La presión tributaria volvió a dominar las discusiones en las principales reuniones del agro, con noticias para la ganadería. Tanto en Jonagro como en A Todo Trigo, productores y dirigentes insistieron con la necesidad de avanzar hacia una reforma impositiva más amplia que reduzca el peso fiscal sobre la producción. Las entidades rurales sostienen que la competitividad del sector continúa afectada por una estructura tributaria elevada, incluso más allá de las retenciones.

En ese contexto, el Gobierno nacional busca mostrar algunas señales hacia la actividad agropecuaria.
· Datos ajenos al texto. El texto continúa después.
(* Let $P$ be a discrete Dubins path, let $ab$ be a long edge of $P$ (traversed from $a$ to $b$), and let $P'$ be the part of $P$ from $b$ to its last vertex. For $\varepsilon\in[0,1]$ let $P(\varepsilon)$ be the path obtained from $P$ by rigidly translating $P'$ by the vector $\varepsilon(a-b)$ (towards $a$ along $ab$ by distance $\varepsilon|ab|$), so that the edge $ab$ is replaced by the segment from $a$ to $b+\varepsilon(a-b)$. Then there exists $\varepsilon>0$ such that $P(\varepsilon)$ is a discrete curvature-constrained path.
   Context: Fix an angle $\theta$ with $0\le\theta\le\pi/2$ such that $2\pi/\theta$ is an integer, and a length $\ell>0$. For a polygonal path, the turn at an internal vertex is the angle in $[0,\pi]$ between the direction of the incoming edge and the direction of the outgoing edge. An edge is short if its length is $<\ell$, normal if $=\ell$, long if $>\ell$. An edge $e$ with an adjacent edge at each end is an inflection edge if its two adjacent edges lie on opposite sides of the supporting line of $e$, and non-inflection otherwise. A discrete curvature-constrained path is a polygonal path such that: (i) the turn at every internal vertex is at most $\theta$; (ii) no two adjacent edges are both short; (iii) for every short non-inflection edge $ab$ with adjacent edges $a^-a$ and $bb^+$, the angle between the directions $\overrightarrow{a^-a}$ and $\overrightarrow{bb^+}$ is at most $\theta$. A configuration is a pair $(u,U)$ of a point $u$ and a vector $U$ of length $\ell$. A polygonal path $P$ with first vertex $u$ starts at $(u,U)$ if prepending the segment from $u-U$ to $u$ (the pre-edge) yields a discrete curvature-constrained path; $P$ with last vertex $v$ ends at $(v,V)$ if appending the segment from $v$ to $v+V$ (the post-edge) yields a discrete curvature-constrained path. A discrete Dubins path is a discrete curvature-constrained path of minimum length among all those starting at a given configuration $\mathcal U$ and ending at a given configuration $\mathcal V$. Standing assumption: paths make a non-zero turn at every internal vertex. *)

theory Defs
  imports "HOL-Analysis.Analysis"
begin

text \<open>Points in the Euclidean plane are elements of real^2. A polygonal path is the
  (non-empty) list of its vertices; its edges join consecutive vertices.\<close>

type_synonym pt = "real^2"

definition vec_angle :: "pt \<Rightarrow> pt \<Rightarrow> real" where
  "vec_angle u v = arccos ((u \<bullet> v) / (norm u * norm v))"

text \<open>Signed cross product; its sign tells on which side of the line through a with
  direction d the point a + w lies.\<close>
definition cross2 :: "pt \<Rightarrow> pt \<Rightarrow> real" where
  "cross2 d w = d$1 * w$2 - d$2 * w$1"

definition turn :: "pt list \<Rightarrow> nat \<Rightarrow> real" where
  "turn ps i = vec_angle (ps!i - ps!(i-1)) (ps!(i+1) - ps!i)"

definition edge_len :: "pt list \<Rightarrow> nat \<Rightarrow> real" where
  "edge_len ps i = dist (ps!i) (ps!(i+1))"

text \<open>Edge i (having an adjacent edge at each end, i.e. 0 < i and i+2 < length ps)
  is an inflection edge if its two adjacent edges lie (strictly) on opposite sides of
  its supporting line.\<close>
definition inflection_edge :: "pt list \<Rightarrow> nat \<Rightarrow> bool" where
  "inflection_edge ps i \<longleftrightarrow>
     cross2 (ps!(i+1) - ps!i) (ps!(i-1) - ps!i) * cross2 (ps!(i+1) - ps!i) (ps!(i+2) - ps!i) < 0"

definition polygonal_path :: "pt list \<Rightarrow> bool" where
  "polygonal_path ps \<longleftrightarrow> ps \<noteq> [] \<and> (\<forall>i. i + 1 < length ps \<longrightarrow> ps!i \<noteq> ps!(i+1))"

definition dcc_path :: "real \<Rightarrow> real \<Rightarrow> pt list \<Rightarrow> bool" where
  "dcc_path \<theta> l ps \<longleftrightarrow> polygonal_path ps
     \<and> (\<forall>i. 0 < i \<and> i + 1 < length ps \<longrightarrow> turn ps i \<le> \<theta>)
     \<and> (\<forall>i. i + 2 < length ps \<longrightarrow> \<not> (edge_len ps i < l \<and> edge_len ps (i+1) < l))
     \<and> (\<forall>i. 0 < i \<and> i + 2 < length ps \<and> edge_len ps i < l \<and> \<not> inflection_edge ps i \<longrightarrow>
           vec_angle (ps!i - ps!(i-1)) (ps!(i+2) - ps!(i+1)) \<le> \<theta>)"

definition nonzero_turns :: "pt list \<Rightarrow> bool" where
  "nonzero_turns ps \<longleftrightarrow> (\<forall>i. 0 < i \<and> i + 1 < length ps \<longrightarrow> turn ps i \<noteq> 0)"

definition path_length :: "pt list \<Rightarrow> real" where
  "path_length ps = (\<Sum>i<length ps - 1. edge_len ps i)"

definition starts_at :: "real \<Rightarrow> real \<Rightarrow> pt list \<Rightarrow> pt \<Rightarrow> pt \<Rightarrow> bool" where
  "starts_at \<theta> l ps u U \<longleftrightarrow> ps \<noteq> [] \<and> hd ps = u \<and> dcc_path \<theta> l ((u - U) # ps)"

definition ends_at :: "real \<Rightarrow> real \<Rightarrow> pt list \<Rightarrow> pt \<Rightarrow> pt \<Rightarrow> bool" where
  "ends_at \<theta> l ps v V \<longleftrightarrow> ps \<noteq> [] \<and> last ps = v \<and> dcc_path \<theta> l (ps @ [v + V])"

definition discrete_dubins :: "real \<Rightarrow> real \<Rightarrow> pt \<Rightarrow> pt \<Rightarrow> pt \<Rightarrow> pt \<Rightarrow> pt list \<Rightarrow> bool" where
  "discrete_dubins \<theta> l u U v V ps \<longleftrightarrow>
     norm U = l \<and> norm V = l \<and>
     dcc_path \<theta> l ps \<and> starts_at \<theta> l ps u U \<and> ends_at \<theta> l ps v V \<and>
     (\<forall>qs. dcc_path \<theta> l qs \<and> starts_at \<theta> l qs u U \<and> ends_at \<theta> l qs v V
            \<longrightarrow> path_length ps \<le> path_length qs)"

definition shift_after :: "pt list \<Rightarrow> nat \<Rightarrow> real \<Rightarrow> pt list" where
  "shift_after ps i eps =
     take (i+1) ps @ map (\<lambda>p. p + eps *\<^sub>R (ps!i - ps!(i+1))) (drop (i+1) ps)"

end

theory Submission
  imports Defs
begin

text \<open>Shifting the tail of the path towards a along ab shortens the edge ab and leaves every
  other edge vector unchanged. All conditions defining a discrete curvature-constrained path
  depend only on the directions of the edge vectors (turns, angles, sides of supporting lines)
  and on which edges are short, so they survive any positive rescaling of the individual edges
  that does not change shortness; since ab is long, a small enough shift keeps it long.\<close>

lemma vec_angle_scaleR_left: "a > 0 \<Longrightarrow> vec_angle (a *\<^sub>R u) v = vec_angle u v"
  by (simp add: vec_angle_def mult.assoc)

lemma vec_angle_scaleR_right: "a > 0 \<Longrightarrow> vec_angle u (a *\<^sub>R v) = vec_angle u v"
  by (simp add: vec_angle_def mult.assoc mult.left_commute[of a])

lemma cross2_scaleR_left [simp]: "cross2 (a *\<^sub>R u) w = a * cross2 u w"
  by (simp add: cross2_def algebra_simps)

lemma cross2_scaleR_right [simp]: "cross2 u (a *\<^sub>R w) = a * cross2 u w"
  by (simp add: cross2_def algebra_simps)

lemma cross2_add_right [simp]: "cross2 u (v + w) = cross2 u v + cross2 u w"
  by (simp add: cross2_def algebra_simps)

lemma cross2_minus_right [simp]: "cross2 u (- w) = - cross2 u w"
  by (simp add: cross2_def algebra_simps)

lemma cross2_self [simp]: "cross2 u u = 0"
  by (simp add: cross2_def algebra_simps)

lemma edge_len_eq_norm: "edge_len ps k = norm (ps!(k+1) - ps!k)"
  by (simp add: edge_len_def dist_norm norm_minus_commute)

definition edges_rescaled :: "pt list \<Rightarrow> pt list \<Rightarrow> (nat \<Rightarrow> real) \<Rightarrow> bool" where
  "edges_rescaled ps qs f \<longleftrightarrow> length qs = length ps \<and>
     (\<forall>k. k + 1 < length ps \<longrightarrow> 0 < f k \<and> qs!(k+1) - qs!k = f k *\<^sub>R (ps!(k+1) - ps!k))"

lemma edges_rescaledD:
  assumes "edges_rescaled ps qs f" "k + 1 < length ps"
  shows "0 < f k" "qs!(k+1) - qs!k = f k *\<^sub>R (ps!(k+1) - ps!k)"
  using assms by (auto simp: edges_rescaled_def)

lemma edges_rescaled_prevD:
  assumes "edges_rescaled ps qs f" "0 < j" "j < length ps"
  shows "0 < f (j-1)" "qs!j - qs!(j-1) = f (j-1) *\<^sub>R (ps!j - ps!(j-1))"
  using edges_rescaledD[OF assms(1), of "j-1"] assms(2,3) by simp_all

lemma edge_len_edges_rescaled:
  assumes "edges_rescaled ps qs f" "k + 1 < length ps"
  shows "edge_len qs k = f k * edge_len ps k"
  using edges_rescaledD[OF assms] by (simp add: edge_len_eq_norm)

lemma polygonal_path_edges_rescaled:
  assumes "edges_rescaled ps qs f" "polygonal_path ps"
  shows "polygonal_path qs"
  unfolding polygonal_path_def
proof (intro conjI allI impI)
  have len: "length qs = length ps" using assms(1) by (simp add: edges_rescaled_def)
  then show "qs \<noteq> []" using assms(2) by (auto simp: polygonal_path_def)
  fix k assume k: "k + 1 < length qs"
  have "ps!(k+1) - ps!k \<noteq> 0" using assms(2) k len by (auto simp: polygonal_path_def)
  then have "qs!(k+1) - qs!k \<noteq> 0"
    using edges_rescaledD[OF assms(1), of k] k len by auto
  then show "qs!k \<noteq> qs!(k+1)" by simp
qed

lemma turn_edges_rescaled:
  assumes "edges_rescaled ps qs f" "0 < j" "j + 1 < length ps"
  shows "turn qs j = turn ps j"
  using edges_rescaledD[OF assms(1,3)] edges_rescaled_prevD[OF assms(1,2)] assms(3)
  by (simp add: turn_def vec_angle_scaleR_left vec_angle_scaleR_right)

lemma vec_angle_around_edge_edges_rescaled:
  assumes "edges_rescaled ps qs f" "0 < j" "j + 2 < length ps"
  shows "vec_angle (qs!j - qs!(j-1)) (qs!(j+2) - qs!(j+1))
       = vec_angle (ps!j - ps!(j-1)) (ps!(j+2) - ps!(j+1))"
  using edges_rescaledD[OF assms(1), of "j+1"] edges_rescaled_prevD[OF assms(1,2)] assms(3)
  by (simp add: add.assoc vec_angle_scaleR_left vec_angle_scaleR_right)

lemma cross2_product_scaleR:
  "cross2 (c1 *\<^sub>R B) (- (c0 *\<^sub>R A)) * cross2 (c1 *\<^sub>R B) (c1 *\<^sub>R B + c2 *\<^sub>R C)
     = (c1 * c1 * c0 * c2) * (cross2 B (- A) * cross2 B (B + C))"
  by (simp add: algebra_simps)

lemma inflection_edge_edges_rescaled:
  assumes resc: "edges_rescaled ps qs f" and j: "0 < j" "j + 2 < length ps"
  shows "inflection_edge qs j = inflection_edge ps j"
proof -
  let ?D0 = "ps!j - ps!(j-1)" and ?D1 = "ps!(j+1) - ps!j" and ?D2 = "ps!(j+2) - ps!(j+1)"
  have q0: "qs!(j-1) - qs!j = - (f (j-1) *\<^sub>R ?D0)"
    using edges_rescaled_prevD(2)[OF resc j(1)] j(2) by (metis add_lessD1 minus_diff_eq)
  have q1: "qs!(j+1) - qs!j = f j *\<^sub>R ?D1"
    using edges_rescaledD(2)[OF resc] j(2) by simp
  have q2: "qs!(j+2) - qs!(j+1) = f (j+1) *\<^sub>R ?D2"
    using edges_rescaledD(2)[OF resc, of "j+1"] j(2) by (simp add: add.assoc)
  have q12: "qs!(j+2) - qs!j = f j *\<^sub>R ?D1 + f (j+1) *\<^sub>R ?D2"
    unfolding q1[symmetric] q2[symmetric] by simp
  have "ps!(j-1) - ps!j = - ?D0" "ps!(j+2) - ps!j = ?D1 + ?D2" by simp_all
  then have "cross2 (qs!(j+1) - qs!j) (qs!(j-1) - qs!j) * cross2 (qs!(j+1) - qs!j) (qs!(j+2) - qs!j)
      = (f j * f j * f (j-1) * f (j+1)) *
        (cross2 ?D1 (ps!(j-1) - ps!j) * cross2 ?D1 (ps!(j+2) - ps!j))"
    unfolding q0 q1 q12 by (simp only: cross2_product_scaleR)
  moreover have "0 < f j * f j * f (j-1) * f (j+1)"
    using edges_rescaledD(1)[OF resc, of j] edges_rescaledD(1)[OF resc, of "j+1"]
      edges_rescaled_prevD(1)[OF resc j(1)] j(2) by simp
  ultimately show ?thesis
    unfolding inflection_edge_def by (metis mult_less_cancel_left_pos mult_zero_right)
qed

lemma dcc_path_edges_rescaled:
  assumes resc: "edges_rescaled ps qs f" and dcc: "dcc_path \<theta> l ps"
    and short: "\<And>k. k + 1 < length ps \<Longrightarrow> (edge_len qs k < l) = (edge_len ps k < l)"
  shows "dcc_path \<theta> l qs"
proof -
  have len: "length qs = length ps" using resc by (simp add: edges_rescaled_def)
  show ?thesis
    unfolding dcc_path_def
  proof (intro conjI allI impI)
    show "polygonal_path qs"
      using polygonal_path_edges_rescaled[OF resc] dcc by (simp add: dcc_path_def)
  next
    fix j assume "0 < j \<and> j + 1 < length qs"
    then show "turn qs j \<le> \<theta>"
      using turn_edges_rescaled[OF resc] dcc len by (auto simp: dcc_path_def)
  next
    fix j assume "j + 2 < length qs"
    then show "\<not> (edge_len qs j < l \<and> edge_len qs (j+1) < l)"
      using dcc len short[of j] short[of "j+1"] by (auto simp: dcc_path_def)
  next
    fix j assume "0 < j \<and> j + 2 < length qs \<and> edge_len qs j < l \<and> \<not> inflection_edge qs j"
    then show "vec_angle (qs!j - qs!(j-1)) (qs!(j+2) - qs!(j+1)) \<le> \<theta>"
      using vec_angle_around_edge_edges_rescaled[OF resc] inflection_edge_edges_rescaled[OF resc]
        short[of j] dcc len
      by (auto simp: dcc_path_def)
  qed
qed

lemma nth_shift_after:
  assumes "i + 1 < length ps" "k < length ps"
  shows "shift_after ps i e ! k = (if k \<le> i then ps!k else ps!k + e *\<^sub>R (ps!i - ps!(i+1)))"
  using assms by (auto simp: shift_after_def nth_append min_def)

lemma edges_rescaled_shift_after:
  assumes "i + 1 < length ps" "e < 1"
  shows "edges_rescaled ps (shift_after ps i e) (\<lambda>k. if k = i then 1 - e else 1)"
  unfolding edges_rescaled_def
proof (intro conjI allI impI)
  show "length (shift_after ps i e) = length ps"
    using assms(1) by (simp add: shift_after_def)
  fix k assume k: "k + 1 < length ps"
  show "0 < (if k = i then 1 - e else 1)" using assms(2) by simp
  show "shift_after ps i e ! (k+1) - shift_after ps i e ! k
      = (if k = i then 1 - e else 1) *\<^sub>R (ps!(k+1) - ps!k)"
    using k assms(1) by (cases "k < i"; cases "k = i") (auto simp: nth_shift_after algebra_simps)
qed

lemma dcc_path_shift_after:
  assumes dcc: "dcc_path \<theta> l ps" and i: "i + 1 < length ps"
    and e: "0 \<le> e" "e < 1" and long: "l \<le> (1 - e) * edge_len ps i"
  shows "dcc_path \<theta> l (shift_after ps i e)"
proof (rule dcc_path_edges_rescaled[OF edges_rescaled_shift_after[OF i e(2)] dcc])
  fix k assume "k + 1 < length ps"
  then have "edge_len (shift_after ps i e) k = (if k = i then 1 - e else 1) * edge_len ps k"
    by (rule edge_len_edges_rescaled[OF edges_rescaled_shift_after[OF i e(2)]])
  moreover have "0 \<le> edge_len ps i" by (simp add: edge_len_def)
  then have "l \<le> edge_len ps i"
    using long e mult_left_le_one_le[of "edge_len ps i" "1 - e"] by linarith
  ultimately show "(edge_len (shift_after ps i e) k < l) = (edge_len ps k < l)"
    using long by auto
qed

theorem lemma6:
  fixes \<theta> l :: real and u U v V :: pt and ps :: "pt list" and i :: nat
  assumes "0 < \<theta>" and "\<theta> \<le> pi / 2" and "2 * pi / \<theta> \<in> \<int>" and "0 < l"
    and "discrete_dubins \<theta> l u U v V ps"
    and "nonzero_turns ps"
    and "i + 1 < length ps" and "edge_len ps i > l"
  shows "\<exists>eps>0. eps \<le> 1 \<and> dcc_path \<theta> l (shift_after ps i eps)"
proof -
  define L where "L = edge_len ps i"
  define eps where "eps = (L - l) / (2 * L)"
  have "l < L" "0 < L" using assms(4,8) by (simp_all add: L_def)
  with assms(4) have "0 < eps" "eps \<le> 1/2" "l \<le> (1 - eps) * L"
    unfolding eps_def by (simp_all add: field_simps)
  moreover have "dcc_path \<theta> l ps" using assms(5) by (simp add: discrete_dubins_def)
  ultimately have "dcc_path \<theta> l (shift_after ps i eps)"
    using dcc_path_shift_after[OF _ assms(7)] unfolding L_def by simp
  with \<open>0 < eps\<close> \<open>eps \<le> 1/2\<close> show ?thesis by (intro exI[of _ eps]) simp
qed

end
El Ministerio de Economía incluyó dentro de la reciente Ley de Modernización Laboral 27.802 una serie de incentivos fiscales destinados a distintos sectores productivos. La iniciativa había sido anticipada por Javier Milei durante la Exposición Rural de 2024, aunque recién pudo plasmarse este año con la aprobación de la norma.

Uno de los puntos que más interés despertó en la ganadería es el regreso de un mecanismo de diferimiento impositivo para establecimientos de invernada y engorde. La medida busca reducir el impacto del Impuesto a las Ganancias sobre el stock de hacienda, una problemática que desde hace años generaba cuestionamientos dentro del sector.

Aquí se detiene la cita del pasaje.